● WHAT IS EXPECTED: The span to repeat in the listing below runs from the line containing "function mu: mu" to the line containing "(\<forall>v. mu v", inclusive. Repeat it exactly, and only it.

====== LISTED RECORDS

(* Let $G=(V,E)$ be a connected finite multigraph without loops with $|V|\ge 2$, and let $f$ be an admissible function. Then there exists a cut $[S,\bar S]$ of $G$ such that $d^f_G(S,\bar S)=d^f(G)$ and such that both induced subgraphs $G[S]$ and $G[\bar S]$ are connected.
   Context: An admissible function is a function $f:[0,1]\to[0,\infty)$ that is concave and increasing on $[0,\tfrac12]$ and satisfies $f(x)=f(1-x)$ for all $x\in[0,1]$. For a graph $G=(V,E)$ and a nonempty proper subset $S\subset V$ with complement $\bar S=V\setminus S$, the cut $[S,\bar S]$ is the set of edges with one endpoint in $S$ and the other in $\bar S$; its balance is $b(S,\bar S)=\min(|S|,|\bar S|)/|V|$. Define $d^f_G(S,\bar S)=|[S,\bar S]|/f(b(S,\bar S))$ (interpreted as $+\infty$ if the denominator is $0$), and $d^f(G)=\min d^f_G(S,\bar S)$ over all cuts of $G$. $G[A]$ denotes the subgraph induced on $A\subseteq V$. *)

theory Defs
  imports "HOL-Analysis.Analysis" "HOL-Library.Extended_Real"
begin

text \<open>A finite loopless multigraph on vertex set V, given by an edge-multiplicity
function mu: mu u v is the number of edges between u and v.\<close>
definition multigraph :: "'a set \<Rightarrow> ('a \<Rightarrow> 'a \<Rightarrow> nat) \<Rightarrow> bool" where
  "multigraph V mu \<longleftrightarrow> finite V \<and> (\<forall>u v. mu u v = mu v u)
     \<and> (\<forall>v. mu v v = 0) \<and> (\<forall>u v. mu u v > 0 \<longrightarrow> u \<in> V \<and> v \<in> V)"

definition induced_connected :: "('a \<Rightarrow> 'a \<Rightarrow> nat) \<Rightarrow> 'a set \<Rightarrow> bool" where
  "induced_connected mu A \<longleftrightarrow>
     (\<forall>u\<in>A. \<forall>v\<in>A. (u, v) \<in> ({(x, y). x \<in> A \<and> y \<in> A \<and> mu x y > 0})\<^sup>*)"

definition admissible :: "(real \<Rightarrow> real) \<Rightarrow> bool" where
  "admissible f \<longleftrightarrow> (\<forall>x\<in>{0..1}. f x \<ge> 0)
     \<and> concave_on {0..1/2} f \<and> mono_on {0..1/2} f
     \<and> (\<forall>x\<in>{0..1}. f x = f (1 - x))"

definition cut_size :: "'a set \<Rightarrow> ('a \<Rightarrow> 'a \<Rightarrow> nat) \<Rightarrow> 'a set \<Rightarrow> nat" where
  "cut_size V mu S = (\<Sum>u\<in>S. \<Sum>v\<in>V - S. mu u v)"

definition balance :: "'a set \<Rightarrow> 'a set \<Rightarrow> real" where
  "balance V S = real (min (card S) (card (V - S))) / real (card V)"

definition is_cut :: "'a set \<Rightarrow> 'a set \<Rightarrow> bool" where
  "is_cut V S \<longleftrightarrow> S \<subseteq> V \<and> S \<noteq> {} \<and> S \<noteq> V"

definition dcut :: "(real \<Rightarrow> real) \<Rightarrow> 'a set \<Rightarrow> ('a \<Rightarrow> 'a \<Rightarrow> nat) \<Rightarrow> 'a set \<Rightarrow> ereal" where
  "dcut f V mu S = (if f (balance V S) = 0 then \<infinity>
      else ereal (real (cut_size V mu S) / f (balance V S)))"

definition dgraph :: "(real \<Rightarrow> real) \<Rightarrow> 'a set \<Rightarrow> ('a \<Rightarrow> 'a \<Rightarrow> nat) \<Rightarrow> ereal" where
  "dgraph f V mu = Min (dcut f V mu ` {S. is_cut V S})"

end

theory Submission imports Defs begin

text \<open>
  Two facts drive the argument.
  (1) An admissible f is subadditive on (0,1]: since f is concave with f 0 \<ge> 0 on [0,1/2]
      and symmetric about 1/2, the ratio f x / x is non-increasing on (0,1].
  (2) Hence if a cut side S splits into two nonempty parts A, B with no edges between them,
      then cut_size S = cut_size A + cut_size B while f(bal S) \<le> f(bal A) + f(bal B), so by
      the mediant inequality A or B is a cut at least as good as S.
  Iterating (2) (induction on card S), every cut side S contains a connected piece C that
  is a union of components of G[S] and satisfies dcut C \<le> dcut S.
  For the theorem, take an optimal cut S0 and such a piece C \<subseteq> S0; C is again optimal.
  Applying the same to the complementary side V - C gives an optimal connected D \<subseteq> V - C
  with no edges to (V - C) - D.  Finally V - D is connected, because every vertex of V - D
  reaches C inside V - D (a walk in G towards C cannot enter D without leaving V - C first),
  and C is connected.
\<close>

section \<open>Admissible functions\<close>

lemma admissible_nonneg: "admissible f \<Longrightarrow> x \<in> {0..1} \<Longrightarrow> f x \<ge> 0"
  unfolding admissible_def by blast

lemma admissible_symmetric: "admissible f \<Longrightarrow> x \<in> {0..1} \<Longrightarrow> f x = f (1 - x)"
  unfolding admissible_def by blast

text \<open>On [0,1/2], concavity together with f 0 \<ge> 0 makes f x / x non-increasing.\<close>
lemma admissible_ratio_half:
  assumes adm: "admissible f" and x: "0 < x" "x \<le> y" "y \<le> 1/2"
  shows "x * f y \<le> y * f x"
proof -
  have conc: "concave_on {0..1/2} f" using adm unfolding admissible_def by blast
  define t where "t = x / y"
  have y0: "y > 0" using x by linarith
  have t: "0 \<le> t" "t \<le> 1" using x y0 by (auto simp: t_def divide_simps)
  have comb: "(1 - t) *\<^sub>R (0::real) + t *\<^sub>R y = x" using y0 by (simp add: t_def)
  have ends: "(0::real) \<in> {0..1/2}" "y \<in> {0..1/2}" using x by auto
  have "(1 - t) * f 0 + t * f y \<le> f x" using concave_onD[OF conc t ends] unfolding comb .
  moreover have "(1 - t) * f 0 \<ge> 0" using admissible_nonneg[OF adm, of 0] t by simp
  ultimately have "t * f y \<le> f x" by linarith
  hence "y * (t * f y) \<le> y * f x" using y0 by (simp add: mult_left_mono)
  moreover have "y * (t * f y) = x * f y" using y0 by (simp add: t_def)
  ultimately show ?thesis by simp
qed

text \<open>By symmetry and monotonicity the ratio bound extends to all of (0,1].\<close>
lemma admissible_ratio:
  assumes adm: "admissible f" and x: "0 < x" "x \<le> y" "y \<le> 1"
  shows "x * f y \<le> y * f x"
proof (cases "y \<le> 1/2")
  case True thus ?thesis using admissible_ratio_half[OF adm x(1,2)] by auto
next
  case y_big: False
  have mono: "mono_on {0..1/2} f" using adm unfolding admissible_def by blast
  have fy: "f y = f (1 - y)" using admissible_symmetric[OF adm, of y] x by auto
  show ?thesis
  proof (cases "x \<le> 1/2")
    case True
    have "f (1 - y) \<le> f (1/2)" using y_big x by (intro mono_onD[OF mono]) auto
    hence "x * f y \<le> x * f (1/2)" using fy x by (intro mult_left_mono) auto
    also have "\<dots> \<le> (1/2) * f x" using admissible_ratio_half[OF adm x(1), of "1/2"] True by auto
    also have "\<dots> \<le> y * f x"
      using admissible_nonneg[OF adm, of x] x True y_big by (intro mult_right_mono) auto
    finally show ?thesis .
  next
    case False
    have fx: "f x = f (1 - x)" using admissible_symmetric[OF adm, of x] x False by auto
    have "f (1 - y) \<le> f (1 - x)" using x False by (intro mono_onD[OF mono]) auto
    hence "x * f y \<le> x * f x" using fy fx x by (intro mult_left_mono) auto
    also have "\<dots> \<le> y * f x" using admissible_nonneg[OF adm, of x] x by (intro mult_right_mono) auto
    finally show ?thesis .
  qed
qed
lemma length_padded: "size p \<le> L \<Longrightarrow> length (padded L p) = L"
  unfolding padded_def by (simp add: length_sorted_list_of_multiset)

lemma sorted_rep0: "sorted_wrt (\<ge>) (replicate k (0::nat))"
  by (induction k) auto

lemma sorted_padded: "sorted_wrt (\<ge>) (padded L p)"
proof -
  have "sorted_wrt (\<ge>) (rev (sorted_list_of_multiset p))"
    using sorted_sorted_list_of_multiset[of p] by (simp add: sorted_wrt_rev)
  then show ?thesis unfolding padded_def using sorted_rep0 by (simp add: sorted_wrt_append)
qed

lemma mset_padded: "(\<forall>x\<in>#p. 0 < x) \<Longrightarrow> mset (filter (\<lambda>x. x \<noteq> 0) (padded L p)) = p"
proof -
  assume a: "\<forall>x\<in>#p. 0 < x"
  have "filter (\<lambda>x. x \<noteq> 0) (rev (sorted_list_of_multiset p)) = rev (sorted_list_of_multiset p)"
    using a by (auto simp: filter_id_conv)
  then show ?thesis unfolding padded_def by simp
qed

lemma sum_padded: "sum_list (padded L p) = sum_mset p"
  unfolding padded_def by (simp add: sum_mset_sum_list[symmetric])

lemma set_padded: "set (padded L p) \<subseteq> insert 0 (set_mset p)"
  unfolding padded_def by auto

lemma desc_split: "sorted_wrt (\<ge>) (l::nat list) \<Longrightarrow> l = filter (\<lambda>x. x \<noteq> 0) l @ replicate (length l - length (filter (\<lambda>x. x \<noteq> 0) l)) 0"
proof (induction l)
  case (Cons a l)
  show ?case
  proof (cases "a = 0")
    case True
    then have "\<forall>x\<in>set l. x = 0" using Cons.prems by auto
    then have "filter (\<lambda>x. x \<noteq> 0) l = []" by (simp add: filter_empty_conv)
    moreover have "l = replicate (length l) 0" using \<open>\<forall>x\<in>set l. x = 0\<close> by (simp add: replicate_length_same)
    ultimately show ?thesis using True by simp
  next
    case False
    define F where "F = filter (\<lambda>x. x \<noteq> 0) l"
    define R where "R = replicate (length l - length F) (0::nat)"
    have e: "l = F @ R" using Cons unfolding F_def R_def by simp
    have "filter (\<lambda>x. x \<noteq> 0) (a # l) @ replicate (length (a # l) - length (filter (\<lambda>x. x \<noteq> 0) (a # l))) 0
          = a # (F @ R)" using False unfolding F_def R_def by simp
    then show ?thesis using e by simp
  qed
qed simp

lemma padded_mset: "sorted_wrt (\<ge>) l \<Longrightarrow> length l = L \<Longrightarrow> padded L (mset (filter (\<lambda>x. x \<noteq> 0) l)) = l"
proof -
  assume s: "sorted_wrt (\<ge>) l" and L: "length l = L"
  define f where "f = filter (\<lambda>x. x \<noteq> 0) l"
  have sf: "sorted_wrt (\<ge>) f" unfolding f_def using s by (simp add: sorted_wrt_filter)
  have "sorted (rev f)" using sf by (simp add: sorted_wrt_rev)
  then have "sort f = rev f"
    by (metis mset_rev properties_for_sort)
  then have r: "rev (sorted_list_of_multiset (mset f)) = f" by (simp add: sorted_list_of_multiset_mset)
  have sz: "size (mset f) = length f" by simp
  have "padded L (mset f) = f @ replicate (L - length f) 0" unfolding padded_def using r sz by simp
  also have "\<dots> = l" using desc_split[OF s] L unfolding f_def by simp
  finally show ?thesis unfolding f_def .
qed

lemma count_padded: "c \<noteq> 0 \<Longrightarrow> length (filter (\<lambda>v. v mod 3 = c) (padded L p)) = size (filter_mset (\<lambda>v. v mod 3 = c) p)"
proof -
  assume c: "c \<noteq> 0"
  have "length (filter (\<lambda>v. v mod 3 = c) (rev (sorted_list_of_multiset p))) = size (filter_mset (\<lambda>v. v mod 3 = c) p)"
    by (metis length_rev mset_filter mset_rev mset_sorted_list_of_multiset rev_filter size_mset)
  moreover have "filter (\<lambda>v. v mod 3 = c) (replicate k (0::nat)) = []" for k using c by (induction k) auto
  ultimately show ?thesis unfolding padded_def by simp
qed

definition neighbour_free :: "nat list \<Rightarrow> bool" where
  "neighbour_free l \<longleftrightarrow> 1 \<notin> set l \<and> (\<forall>a\<in>set l. a \<noteq> 0 \<longrightarrow> a + 1 \<notin> set l)"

============

● TASK RESPONSE:
function mu: mu u v is the number of edges between u and v.\<close>
definition multigraph :: "'a set \<Rightarrow> ('a \<Rightarrow> 'a \<Rightarrow> nat) \<Rightarrow> bool" where
  "multigraph V mu \<longleftrightarrow> finite V \<and> (\<forall>u v. mu u v = mu v u)
     \<and> (\<forall>v. mu v v = 0) \<and> (\<forall>u v. mu u v > 0 \<longrightarrow> u \<in> V \<and> v \<in> V)"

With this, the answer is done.